[Start of Attachment]

text \<open>G is the complete d-partite graph with parts P 0, ..., P (d-1),
  i.e. G = K_{m_0,...,m_{d-1}} with m_i = card (P i).\<close>
definition complete_multipartite :: "'v graph \<Rightarrow> nat \<Rightarrow> (nat \<Rightarrow> 'v set) \<Rightarrow> bool" where
  "complete_multipartite G d P \<longleftrightarrow>
     (\<forall>i<d. \<forall>j<d. i \<noteq> j \<longrightarrow> P i \<inter> P j = {}) \<and>
     fst G = (\<Union>i<d. P i) \<and>
     snd G = {{u, v} | u v i j. i < d \<and> j < d \<and> i \<noteq> j \<and> u \<in> P i \<and> v \<in> P j}"

definition part_max :: "nat \<Rightarrow> (nat \<Rightarrow> 'v set) \<Rightarrow> nat" where
  "part_max d P = Max (insert 0 ((\<lambda>i. card (P i)) ` {..<d}))"

definition part_sum :: "nat \<Rightarrow> (nat \<Rightarrow> 'v set) \<Rightarrow> nat" where
  "part_sum d P = (\<Sum>i<d. card (P i))"

definition reachable :: "'v graph \<Rightarrow> 'v \<Rightarrow> 'v \<Rightarrow> bool" where
  "reachable G = (\<lambda>u v. u \<in> fst G \<and> v \<in> fst G \<and> (\<exists>e\<in>snd G. e = {u, v}))\<^sup>*\<^sup>*"

definition components :: "'v graph \<Rightarrow> 'v set set" where
  "components G = {{w \<in> fst G. reachable G v w} | v. v \<in> fst G}"

definition delete_vertices :: "'v graph \<Rightarrow> 'v set \<Rightarrow> 'v graph" where
  "delete_vertices G S = (fst G - S, {e \<in> snd G. e \<inter> S = {}})"

definition Sep :: "'v graph \<Rightarrow> nat \<Rightarrow> nat" where
  "Sep G k = Max {card (components (delete_vertices G S)) | S. S \<subseteq> fst G \<and> card S \<le> k}"

definition has_SEP :: "'v graph set \<Rightarrow> (nat \<Rightarrow> nat) \<Rightarrow> bool" where
  "has_SEP C f \<longleftrightarrow> (\<forall>G\<in>C. \<forall>k. Sep G k \<le> f k)"

datatype mso =
    Rel nat nat
  | Eq nat nat
  | Mem nat nat
  | Neg mso
  | Conj mso mso
  | Ex1 nat mso
  | ExS nat mso

fun fvars :: "mso \<Rightarrow> nat set" where
  "fvars (Rel i j) = {i, j}"
| "fvars (Eq i j) = {i, j}"
| "fvars (Mem i _) = {i}"
| "fvars (Neg \<phi>) = fvars \<phi>"
| "fvars (Conj \<phi> \<psi>) = fvars \<phi> \<union> fvars \<psi>"
| "fvars (Ex1 i \<phi>) = fvars \<phi> - {i}"
| "fvars (ExS _ \<phi>) = fvars \<phi>"

fun svars :: "mso \<Rightarrow> nat set" where
  "svars (Rel _ _) = {}"
| "svars (Eq _ _) = {}"
| "svars (Mem _ j) = {j}"
| "svars (Neg \<phi>) = svars \<phi>"
| "svars (Conj \<phi> \<psi>) = svars \<phi> \<union> svars \<psi>"
| "svars (Ex1 _ \<phi>) = svars \<phi>"
| "svars (ExS j \<phi>) = svars \<phi> - {j}"

fun sat :: "'a set \<Rightarrow> ('a \<times> 'a) set \<Rightarrow> (nat \<Rightarrow> 'a) \<Rightarrow> (nat \<Rightarrow> 'a set) \<Rightarrow> mso \<Rightarrow> bool" where
  "sat A R \<alpha> \<beta> (Rel i j) = ((\<alpha> i, \<alpha> j) \<in> R)"
| "sat A R \<alpha> \<beta> (Eq i j) = (\<alpha> i = \<alpha> j)"
| "sat A R \<alpha> \<beta> (Mem i j) = (\<alpha> i \<in> \<beta> j)"
| "sat A R \<alpha> \<beta> (Neg \<phi>) = (\<not> sat A R \<alpha> \<beta> \<phi>)"
| "sat A R \<alpha> \<beta> (Conj \<phi> \<psi>) = (sat A R \<alpha> \<beta> \<phi> \<and> sat A R \<alpha> \<beta> \<psi>)"
| "sat A R \<alpha> \<beta> (Ex1 i \<phi>) = (\<exists>a\<in>A. sat A R (\<alpha>(i := a)) \<beta> \<phi>)"
| "sat A R \<alpha> \<beta> (ExS j \<phi>) = (\<exists>X. X \<subseteq> A \<and> sat A R \<alpha> (\<beta>(j := X)) \<phi>)"

text \<open>The formula \<phi>(x,y;Z_0,...,Z_{k-1}) has free element variables among
  x = 0, y = 1 and free set variables among 0, ..., k-1.  It defines an order
  on a class K of structures (A, R) if for every nonempty such structure there
  are parameters P_0, ..., P_{k-1} \<subseteq> A such that the defined binary relation
  is a linear order on A.\<close>
definition defines_order :: "mso \<Rightarrow> nat \<Rightarrow> ('a set \<times> ('a \<times> 'a) set) set \<Rightarrow> bool" where
  "defines_order \<phi> k K \<longleftrightarrow>
     fvars \<phi> \<subseteq> {0, 1} \<and> svars \<phi> \<subseteq> {..<k} \<and>
     (\<forall>(A, R)\<in>K. A \<noteq> {} \<longrightarrow>
        (\<exists>P :: nat \<Rightarrow> 'a set. (\<forall>i<k. P i \<subseteq> A) \<and>
           linear_order_on A
             {(a, b). a \<in> A \<and> b \<in> A \<and>
                sat A R (\<lambda>i. if i = 0 then a else b) (\<lambda>i. if i < k then P i else {}) \<phi>}))"

definition inc_structure :: "'v graph \<Rightarrow> ('v + 'v set) set \<times> (('v + 'v set) \<times> ('v + 'v set)) set" where
  "inc_structure G = (Inl ` fst G \<union> Inr ` snd G,
                      {(Inl v, Inr e) | v e. v \<in> fst G \<and> e \<in> snd G \<and> v \<in> e})"

definition MSO2_orderable :: "'v graph set \<Rightarrow> bool" where
  "MSO2_orderable C \<longleftrightarrow> (\<exists>\<phi> k. defines_order \<phi> k (inc_structure ` C))"

end

theory Submission
  imports Defs "HOL-Library.FuncSet" "HOL-Library.List_Lexorder" "HOL-Library.Product_Lexorder"
    "HOL-Combinatorics.Transposition"
begin

(*
  (2) and (3) are equivalent because deleting the N - M vertices outside a largest part leaves M
  isolated vertices, while deleting k vertices leaves either a connected graph or an independent
  set inside a single part, and the latter forces N - M \<le> k.

  (1) implies (3): if M > 2 ^ (s * (N - M + 1)) for a formula with s set parameters, then two
  vertices u, v of a largest part lie in the same parameters, and so do their edges to each vertex
  outside the part.  Exchanging u and v is an automorphism of the incidence structure fixing the
  parameters, which no definable linear order survives.

  (3) implies (1): up to N - M + 1 vertices of a largest part, together with all other parts,
  form a graph in which no part has more than half of the vertices; they lie on a path alternating
  between parts, which parameters can describe and MSO can order.  The remaining vertices of the
  largest part get distinct codes of s (N - M + 1) bits, written on the vertices themselves and on
  their edges to the other parts.  Vertices are ordered along the path and then by code, edges
  lexicographically by their ends.
*)

section \<open>Derived MSO connectives\<close>

definition Falsum :: mso where "Falsum = Neg (Eq 0 0)"
definition Disj :: "mso \<Rightarrow> mso \<Rightarrow> mso" where "Disj \<phi> \<psi> = Neg (Conj (Neg \<phi>) (Neg \<psi>))"
definition Imp :: "mso \<Rightarrow> mso \<Rightarrow> mso" where "Imp \<phi> \<psi> = Neg (Conj \<phi> (Neg \<psi>))"
definition Iff :: "mso \<Rightarrow> mso \<Rightarrow> mso" where "Iff \<phi> \<psi> = Conj (Imp \<phi> \<psi>) (Imp \<psi> \<phi>)"
definition All1 :: "nat \<Rightarrow> mso \<Rightarrow> mso" where "All1 i \<phi> = Neg (Ex1 i (Neg \<phi>))"
definition AllS :: "nat \<Rightarrow> mso \<Rightarrow> mso" where "AllS i \<phi> = Neg (ExS i (Neg \<phi>))"

fun BigOr :: "nat \<Rightarrow> (nat \<Rightarrow> mso) \<Rightarrow> mso" where
  "BigOr 0 f = Falsum"
| "BigOr (Suc n) f = Disj (BigOr n f) (f n)"

definition BigAnd :: "nat \<Rightarrow> (nat \<Rightarrow> mso) \<Rightarrow> mso" where
  "BigAnd n f = Neg (BigOr n (\<lambda>j. Neg (f j)))"

lemma sat_connectives [simp]:
  "sat A R \<alpha> \<beta> Falsum = False"
  "sat A R \<alpha> \<beta> (Disj \<phi> \<psi>) = (sat A R \<alpha> \<beta> \<phi> \<or> sat A R \<alpha> \<beta> \<psi>)"
  "sat A R \<alpha> \<beta> (Imp \<phi> \<psi>) = (sat A R \<alpha> \<beta> \<phi> \<longrightarrow> sat A R \<alpha> \<beta> \<psi>)"
  "sat A R \<alpha> \<beta> (Iff \<phi> \<psi>) = (sat A R \<alpha> \<beta> \<phi> \<longleftrightarrow> sat A R \<alpha> \<beta> \<psi>)"
  "sat A R \<alpha> \<beta> (All1 i \<phi>) = (\<forall>a\<in>A. sat A R (\<alpha>(i := a)) \<beta> \<phi>)"
  "sat A R \<alpha> \<beta> (AllS i \<phi>) = (\<forall>X. X \<subseteq> A \<longrightarrow> sat A R \<alpha> (\<beta>(i := X)) \<phi>)"
  by (auto simp: Falsum_def Disj_def Imp_def Iff_def All1_def AllS_def)

lemma sat_BigOr [simp]: "sat A R \<alpha> \<beta> (BigOr n f) = (\<exists>j<n. sat A R \<alpha> \<beta> (f j))"
  by (induction n) (auto simp: less_Suc_eq)

lemma sat_BigAnd [simp]: "sat A R \<alpha> \<beta> (BigAnd n f) = (\<forall>j<n. sat A R \<alpha> \<beta> (f j))"
  by (auto simp: BigAnd_def)

lemma vars_connectives [simp]:
  "fvars Falsum = {0}" "svars Falsum = {}"
  "fvars (Disj \<phi> \<psi>) = fvars \<phi> \<union> fvars \<psi>" "svars (Disj \<phi> \<psi>) = svars \<phi> \<union> svars \<psi>"
  "fvars (Imp \<phi> \<psi>) = fvars \<phi> \<union> fvars \<psi>" "svars (Imp \<phi> \<psi>) = svars \<phi> \<union> svars \<psi>"
  "fvars (Iff \<phi> \<psi>) = fvars \<phi> \<union> fvars \<psi>" "svars (Iff \<phi> \<psi>) = svars \<phi> \<union> svars \<psi>"
  "fvars (All1 i \<phi>) = fvars \<phi> - {i}" "svars (All1 i \<phi>) = svars \<phi>"
  "fvars (AllS i \<phi>) = fvars \<phi>" "svars (AllS i \<phi>) = svars \<phi> - {i}"
  by (auto simp: Falsum_def Disj_def Imp_def Iff_def All1_def AllS_def)

lemma vars_BigOr [simp]:
  "fvars (BigOr n f) = insert 0 (\<Union>j<n. fvars (f j))"
  "svars (BigOr n f) = (\<Union>j<n. svars (f j))"
  by (induction n) (auto simp: lessThan_Suc)

lemma vars_BigAnd [simp]:
  "fvars (BigAnd n f) = insert 0 (\<Union>j<n. fvars (f j))"
  "svars (BigAnd n f) = (\<Union>j<n. svars (f j))"
  by (simp_all add: BigAnd_def)

section \<open>Definable linear orders are rigid\<close>

definition defined_relation :: "'a set \<Rightarrow> ('a \<times> 'a) set \<Rightarrow> mso \<Rightarrow> (nat \<Rightarrow> 'a set) \<Rightarrow> ('a \<times> 'a) set" where
  "defined_relation A R \<phi> \<beta> = {(a, b). a \<in> A \<and> b \<in> A \<and> sat A R (\<lambda>i. if i = 0 then a else b) \<beta> \<phi>}"

lemma defines_order_singleton:
  "defines_order \<phi> k {S} \<longleftrightarrow> fvars \<phi> \<subseteq> {0, 1} \<and> svars \<phi> \<subseteq> {..<k} \<and>
     (fst S \<noteq> {} \<longrightarrow> (\<exists>Q. (\<forall>i<k. Q i \<subseteq> fst S) \<and>
        linear_order_on (fst S) (defined_relation (fst S) (snd S) \<phi> (\<lambda>i. if i < k then Q i else {}))))"
  by (cases S) (simp add: defines_order_def defined_relation_def)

[End of Attachment]

Task item:
Tally up how many lines in the records contain the string "exists". Answer with that figure only.

Answer box:
7